In 2017, Ant Financial partnered with CC Financial, a start-up company in Singapore. Alipay plans to expand its 20,000 acceptance points in Singapore, and open up their platform to Singapore banking users.
In 2017, Alipay partnered with SnapPay to allow Canadian retailers to accept Chinese currency from Chinese shoppers. There are currently 700 merchants in Canada that supports Alipay, including most Cadillac Fairview mall locations, such as the flagship Eaton Center of Toronto and CF Chinook Centre in Calgary. Air Canada began allowing transactions in Alipay to book flights from Canada and the United States beginning in August 2018, after initially rolling out the feature for booking of flights originating from China.

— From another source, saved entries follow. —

locale finite_on_cube =
  fixes M :: "'a::euclidean_space measure"
  assumes sets_M: "sets M = sets borel"
    and emeasure_unit_cube_finite: "emeasure M unit_cube < \<infinity>"
begin

lemma integrable_on_cube:
  assumes "bounded_borel g"
  shows "integrable M (\<lambda>x. indicator unit_cube x * g x)"
proof -
  obtain B where B: "\<forall>x. \<bar>g x\<bar> \<le> B" and g: "g \<in> borel_measurable borel"
    using assms unfolding bounded_borel_def by auto
  show ?thesis
  proof (rule Bochner_Integration.integrable_bound)
    show "integrable M (\<lambda>x. B * indicator unit_cube x)"
      using emeasure_unit_cube_finite sets_M by (intro integrable_mult_right) auto
    show "(\<lambda>x. indicator unit_cube x * g x) \<in> borel_measurable M"
      using g unfolding measurable_cong_sets[OF sets_M refl] by measurable
    show "AE x in M. norm (indicator unit_cube x * g x) \<le> norm (B * indicator unit_cube x :: real)"
      using B by (intro AE_I2) (auto split: split_indicator intro: order_trans[OF _ abs_ge_self])
  qed
qed

lemma cube_int_add:
  "bounded_borel g \<Longrightarrow> bounded_borel h \<Longrightarrow> cube_int M (\<lambda>x. g x + h x) = cube_int M g + cube_int M h"
  unfolding cube_int_eq_integral by (simp add: distrib_left integrable_on_cube)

Alipay provides multiple security mechanisms to make sure that user accounts are safe. An Alipay account requires the user to set up their own login password and separate payment password, which need to be different. The user can enter the login password up to five times and the payment password up to three times before the user is locked out of his or her account. To regain access to the account, the user must contact Alipay. They also install a digital certificate, which can encrypt information sent over a network, preventing hackers from stealing passwords, thereby enhancing the security of online transactions.
Comparison with other payment systems
Alipay is conceptually similar to Apple Pay, We Chat Pay and PayPal because it overlays traditional card payment methods. Although users receive immediate notification of the transaction, the main difference among Alipay and an instant payment system, like Venmo or Zelle is that the funds transfer between counterparties is not immediate. The settlement time depends on the payment method chosen by the customer, while for instant payment systems, the funds are transferred within seconds or minutes.